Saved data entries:
lemma length_out_edges_le:
  assumes a: "1 \<le> a" "a \<le> n"
  shows "real (length (out_edges P p \<epsilon> a)) \<le> (1 + 32/\<epsilon>) ^ DIM('a) * (log 2 (spread P) + 1)"
proof -
  define level where "level i = nat \<lfloor>log 2 (R (i - 1) / \<delta>)\<rfloor>" for i
  define L where "L = nat \<lfloor>log 2 (spread P)\<rfloor>"
  define S where "S l = {i \<in> set (out_edges P p \<epsilon> a). \<delta> * 2 ^ l \<le> R (i - 1) \<and> R (i - 1) < 2 * (\<delta> * 2 ^ l)}"
    for l :: nat
  have "set (out_edges P p \<epsilon> a) \<subseteq> (\<Union>l\<le>L. S l)"
  proof
    fix i assume i: "i \<in> set (out_edges P p \<epsilon> a)"
    then have "2 \<le> i" "i \<le> n"
      using out_edges_iff[OF a] by auto
    then have "1 \<le> R (i - 1) / \<delta>" "R (i - 1) / \<delta> \<le> spread P"
      using min_dist_le_radius radius_le_diam min_dist_pos
      by (auto simp: spread_eq divide_right_mono)
    then have "level i \<le> L" "\<delta> * 2 ^ level i \<le> R (i - 1)" "R (i - 1) < 2 * (\<delta> * 2 ^ level i)"
      using dyadic_floor_log[of "R (i - 1) / \<delta>"] min_dist_pos
      by (auto simp: level_def L_def pos_le_divide_eq pos_divide_less_eq mult_ac
          intro!: nat_mono floor_mono log_mono)
    with i show "i \<in> (\<Union>l\<le>L. S l)"
      by (auto simp: S_def)
  qed
  then have "real (length (out_edges P p \<epsilon> a)) \<le> real (card (\<Union>l\<le>L. S l))"
    by (simp add: length_out_edges card_mono S_def)
  also have "\<dots> \<le> (\<Sum>l\<le>L. real (card (S l)))"
    by (simp add: card_UN_le flip: of_nat_sum)
  also have "\<dots> \<le> (\<Sum>l\<le>L. (1 + 32/\<epsilon>) ^ DIM('a))"
    using card_out_edges_radius_range[OF a] min_dist_pos by (intro sum_mono) (simp add: S_def)
  also have "\<dots> = (1 + 32/\<epsilon>) ^ DIM('a) * (real L + 1)"
    by simp
  also have "real L \<le> log 2 (spread P)"
    using one_le_spread by (simp add: L_def)
  finally show ?thesis
    using eps_pos by (simp add: mult_left_mono)
qed

lemma moves_bound: "4 * ln (1 + 2 * spread P) / \<epsilon> + 2 \<le> 9 * (1 + ln (spread P)) / \<epsilon>"
proof -
  have "ln (1 + 2 * spread P) \<le> ln (3 * spread P)"
    using one_le_spread by simp
  also have "\<dots> = ln 3 + ln (spread P)"
    using one_le_spread by (simp add: ln_mult)
  also have "ln (3::real) \<le> 2"
    using ln_le_minus_one[of 3] by simp
  finally have "ln (1 + 2 * spread P) \<le> 2 + ln (spread P)"
    by simp
  moreover have "0 \<le> ln (spread P)"
    using one_le_spread by simp
  ultimately have "4 * ln (1 + 2 * spread P) + 1 \<le> 9 * (1 + ln (spread P))"
    unfolding distrib_left by linarith
  then have "(4 * ln (1 + 2 * spread P) + 1) / \<epsilon> \<le> 9 * (1 + ln (spread P)) / \<epsilon>"
    using eps_pos by (simp add: divide_right_mono)
  moreover have "2 \<le> 1 / \<epsilon>"
    using eps_pos eps_less by (simp add: field_simps)
  ultimately show ?thesis
    by (simp add: add_divide_distrib)
qed

lemma degree_bound:
  "2 + (1 + 32/\<epsilon>) ^ DIM('a) * (log 2 (spread P) + 1)
    \<le> 3 * 33 ^ DIM('a) * (1/\<epsilon>) ^ DIM('a) * (1 + ln (spread P))"
proof -
  define X where "X = (1 + 32/\<epsilon>) ^ DIM('a)"
  have "1 \<le> X"
    using eps_pos by (simp add: X_def)
  have "X \<le> (33 * (1/\<epsilon>)) ^ DIM('a)"
    unfolding X_def using eps_pos eps_less by (intro power_mono) (auto simp: field_simps)
  then have X: "X \<le> 33 ^ DIM('a) * (1/\<epsilon>) ^ DIM('a)"
    by (simp add: power_divide)
  have "0 \<le> ln (spread P)"
    using one_le_spread by simp
  have "log 2 (spread P) = ln (spread P) / ln 2"
    by (simp add: log_def)
  also have "\<dots> \<le> ln (spread P) / (2/3)"
    using ln2_ge_two_thirds \<open>0 \<le> ln (spread P)\<close> by (intro divide_left_mono) auto
  finally have "log 2 (spread P) \<le> 3/2 * ln (spread P)"
    by simp
  then have "X * log 2 (spread P) \<le> 3/2 * (X * ln (spread P))"
    using \<open>1 \<le> X\<close> mult_left_mono[of _ _ X] by fastforce
  moreover have "0 \<le> X * ln (spread P)"
    using \<open>1 \<le> X\<close> \<open>0 \<le> ln (spread P)\<close> by simp
  ultimately have "2 + X * (log 2 (spread P) + 1) \<le> 3 * X * (1 + ln (spread P))"
    using \<open>1 \<le> X\<close> unfolding distrib_left distrib_right by linarith
  also have "\<dots> \<le> 3 * (33 ^ DIM('a) * (1/\<epsilon>) ^ DIM('a)) * (1 + ln (spread P))"
    using X \<open>0 \<le> ln (spread P)\<close> by (intro mult_right_mono mult_left_mono) auto
  finally show ?thesis
    by (simp add: X_def mult.assoc)
qed
lemma y0_range: "1 \<le> c i \<Longrightarrow> c i \<le> p - 1 \<Longrightarrow> 0 \<le> y0 p f J c i \<and> y0 p f J c i \<le> p"
  unfolding y0_def Let_def by auto

lemma y0_eq_0:
  "y0 p f J c t = 0 \<Longrightarrow> 1 \<le> c t \<Longrightarrow> c t \<le> p - 1
    \<Longrightarrow> t \<notin> J \<and> cyc_pred f t \<notin> J \<and> c t = p - 1"
  unfolding y0_def Let_def cyc_pred_def by (auto split: if_splits)

lemma carry_vec_decrement:
  "carry_vec p f J c (K(t := K t - 1)) j = carry_vec p f J c K j
     - (if j = t then jsign J j * p else 0) + (if cyc_pred f j = t then jsign J j else 0)"
  unfolding carry_vec_def by (cases "j = t"; cases "cyc_pred f j = t") (simp_all add: algebra_simps)

lemma delta_in_range: "1 \<le> y t \<and> y t \<le> p \<Longrightarrow> delta p f J y t = y"
  by (simp add: delta_def)

lemma delta_carry_vec:
  assumes "t < f" and "j < f" and y: "\<And>j. j < f \<Longrightarrow> y j = carry_vec p f J c K j"
    and "\<not> (1 \<le> y t \<and> y t \<le> p)" and "y t \<le> 0 \<longleftrightarrow> t \<notin> J"
  shows "delta p f J y t j = carry_vec p f J c (K(t := K t - 1)) j"
proof -
  have "delta p f J y t j = y j - (if j = t then jsign J t * p else 0)
      + (if j = cyc_succ f t then jsign J (cyc_succ f t) else 0)"
    using assms(4,5) unfolding delta_def Let_def cyc_succ_def jsign_def by (auto split: if_splits)
  then show ?thesis
    using y[OF \<open>j < f\<close>] cyc_pred_eq_iff[OF assms(2,1)] by (simp add: carry_vec_decrement)
qed

section \<open>The set S and its maximal element\<close>

lemma expA_diff_expB:
  "expA p f J x a b - expB p f e J x a b - Omega p f n 0
     = Omega p f (\<lambda>i. jsign J i * (a i - b i + 1) - (n i + int e - 1 - 2 * x i)) 0"
  unfolding expA_def expB_def Omega_diff[symmetric] by (rule Omega_cong) (auto simp: jsign_def)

• **Exercise objective**
Restate all of the data above. Match it word for word.

• **Your solution**
lemma length_out_edges_le:
  assumes a: "1 \<le> a" "a \<le> n"
  shows "real (length (out_edges P p \<epsilon> a)) \<le> (1 + 32/\<epsilon>) ^ DIM('a) * (log 2 (spread P) + 1)"
proof -
  define level where "level i = nat \<lfloor>log 2 (R (i - 1) / \<delta>)\<rfloor>" for i
  define L where "L = nat \<lfloor>log 2 (spread P)\<rfloor>"
  define S where "S l = {i \<in> set (out_edges P p \<epsilon> a). \<delta> * 2 ^ l \<le> R (i - 1) \<and> R (i - 1) < 2 * (\<delta> * 2 ^ l)}"
    for l :: nat
  have "set (out_edges P p \<epsilon> a) \<subseteq> (\<Union>l\<le>L. S l)"
  proof
    fix i assume i: "i \<in> set (out_edges P p \<epsilon> a)"
    then have "2 \<le> i" "i \<le> n"
      using out_edges_iff[OF a] by auto
    then have "1 \<le> R (i - 1) / \<delta>" "R (i - 1) / \<delta> \<le> spread P"
      using min_dist_le_radius radius_le_diam min_dist_pos
      by (auto simp: spread_eq divide_right_mono)
    then have "level i \<le> L" "\<delta> * 2 ^ level i \<le> R (i - 1)" "R (i - 1) < 2 * (\<delta> * 2 ^ level i)"
      using dyadic_floor_log[of "R (i - 1) / \<delta>"] min_dist_pos
      by (auto simp: level_def L_def pos_le_divide_eq pos_divide_less_eq mult_ac
          intro!: nat_mono floor_mono log_mono)
    with i show "i \<in> (\<Union>l\<le>L. S l)"
      by (auto simp: S_def)
  qed
  then have "real (length (out_edges P p \<epsilon> a)) \<le> real (card (\<Union>l\<le>L. S l))"
    by (simp add: length_out_edges card_mono S_def)
  also have "\<dots> \<le> (\<Sum>l\<le>L. real (card (S l)))"
    by (simp add: card_UN_le flip: of_nat_sum)
  also have "\<dots> \<le> (\<Sum>l\<le>L. (1 + 32/\<epsilon>) ^ DIM('a))"
    using card_out_edges_radius_range[OF a] min_dist_pos by (intro sum_mono) (simp add: S_def)
  also have "\<dots> = (1 + 32/\<epsilon>) ^ DIM('a) * (real L + 1)"
    by simp
  also have "real L \<le> log 2 (spread P)"
    using one_le_spread by (simp add: L_def)
  finally show ?thesis
    using eps_pos by (simp add: mult_left_mono)
qed

lemma moves_bound: "4 * ln (1 + 2 * spread P) / \<epsilon> + 2 \<le> 9 * (1 + ln (spread P)) / \<epsilon>"
proof -
  have "ln (1 + 2 * spread P) \<le> ln (3 * spread P)"
    using one_le_spread by simp
  also have "\<dots> = ln 3 + ln (spread P)"
    using one_le_spread by (simp add: ln_mult)
  also have "ln (3::real) \<le> 2"
    using ln_le_minus_one[of 3] by simp
  finally have "ln (1 + 2 * spread P) \<le> 2 + ln (spread P)"
    by simp
  moreover have "0 \<le> ln (spread P)"
    using one_le_spread by simp
  ultimately have "4 * ln (1 + 2 * spread P) + 1 \<le> 9 * (1 + ln (spread P))"
    unfolding distrib_left by linarith
  then have "(4 * ln (1 + 2 * spread P) + 1) / \<epsilon> \<le> 9 * (1 + ln (spread P)) / \<epsilon>"
    using eps_pos by (simp add: divide_right_mono)
  moreover have "2 \<le> 1 / \<epsilon>"
    using eps_pos eps_less by (simp add: field_simps)
  ultimately show ?thesis
    by (simp add: add_divide_distrib)
qed

lemma degree_bound:
  "2 + (1 + 32/\<epsilon>) ^ DIM('a) * (log 2 (spread P) + 1)
    \<le> 3 * 33 ^ DIM('a) * (1/\<epsilon>) ^ DIM('a) * (1 + ln (spread P))"
proof -
  define X where "X = (1 + 32/\<epsilon>) ^ DIM('a)"
  have "1 \<le> X"
    using eps_pos by (simp add: X_def)
  have "X \<le> (33 * (1/\<epsilon>)) ^ DIM('a)"
    unfolding X_def using eps_pos eps_less by (intro power_mono) (auto simp: field_simps)
  then have X: "X \<le> 33 ^ DIM('a) * (1/\<epsilon>) ^ DIM('a)"
    by (simp add: power_divide)
  have "0 \<le> ln (spread P)"
    using one_le_spread by simp
  have "log 2 (spread P) = ln (spread P) / ln 2"
    by (simp add: log_def)
  also have "\<dots> \<le> ln (spread P) / (2/3)"
    using ln2_ge_two_thirds \<open>0 \<le> ln (spread P)\<close> by (intro divide_left_mono) auto
  finally have "log 2 (spread P) \<le> 3/2 * ln (spread P)"
    by simp
  then have "X * log 2 (spread P) \<le> 3/2 * (X * ln (spread P))"
    using \<open>1 \<le> X\<close> mult_left_mono[of _ _ X] by fastforce
  moreover have "0 \<le> X * ln (spread P)"
    using \<open>1 \<le> X\<close> \<open>0 \<le> ln (spread P)\<close> by simp
  ultimately have "2 + X * (log 2 (spread P) + 1) \<le> 3 * X * (1 + ln (spread P))"
    using \<open>1 \<le> X\<close> unfolding distrib_left distrib_right by linarith
  also have "\<dots> \<le> 3 * (33 ^ DIM('a) * (1/\<epsilon>) ^ DIM('a)) * (1 + ln (spread P))"
    using X \<open>0 \<le> ln (spread P)\<close> by (intro mult_right_mono mult_left_mono) auto
  finally show ?thesis
    by (simp add: X_def mult.assoc)
qed
lemma y0_range: "1 \<le> c i \<Longrightarrow> c i \<le> p - 1 \<Longrightarrow> 0 \<le> y0 p f J c i \<and> y0 p f J c i \<le> p"
  unfolding y0_def Let_def by auto

lemma y0_eq_0:
  "y0 p f J c t = 0 \<Longrightarrow> 1 \<le> c t \<Longrightarrow> c t \<le> p - 1
    \<Longrightarrow> t \<notin> J \<and> cyc_pred f t \<notin> J \<and> c t = p - 1"
  unfolding y0_def Let_def cyc_pred_def by (auto split: if_splits)

lemma carry_vec_decrement:
  "carry_vec p f J c (K(t := K t - 1)) j = carry_vec p f J c K j
     - (if j = t then jsign J j * p else 0) + (if cyc_pred f j = t then jsign J j else 0)"
  unfolding carry_vec_def by (cases "j = t"; cases "cyc_pred f j = t") (simp_all add: algebra_simps)

lemma delta_in_range: "1 \<le> y t \<and> y t \<le> p \<Longrightarrow> delta p f J y t = y"
  by (simp add: delta_def)

lemma delta_carry_vec:
  assumes "t < f" and "j < f" and y: "\<And>j. j < f \<Longrightarrow> y j = carry_vec p f J c K j"
    and "\<not> (1 \<le> y t \<and> y t \<le> p)" and "y t \<le> 0 \<longleftrightarrow> t \<notin> J"
  shows "delta p f J y t j = carry_vec p f J c (K(t := K t - 1)) j"
proof -
  have "delta p f J y t j = y j - (if j = t then jsign J t * p else 0)
      + (if j = cyc_succ f t then jsign J (cyc_succ f t) else 0)"
    using assms(4,5) unfolding delta_def Let_def cyc_succ_def jsign_def by (auto split: if_splits)
  then show ?thesis
    using y[OF \<open>j < f\<close>] cyc_pred_eq_iff[OF assms(2,1)] by (simp add: carry_vec_decrement)
qed

section \<open>The set S and its maximal element\<close>

lemma expA_diff_expB:
  "expA p f J x a b - expB p f e J x a b - Omega p f n 0
     = Omega p f (\<lambda>i. jsign J i * (a i - b i + 1) - (n i + int e - 1 - 2 * x i)) 0"
  unfolding expA_def expB_def Omega_diff[symmetric] by (rule Omega_cong) (auto simp: jsign_def)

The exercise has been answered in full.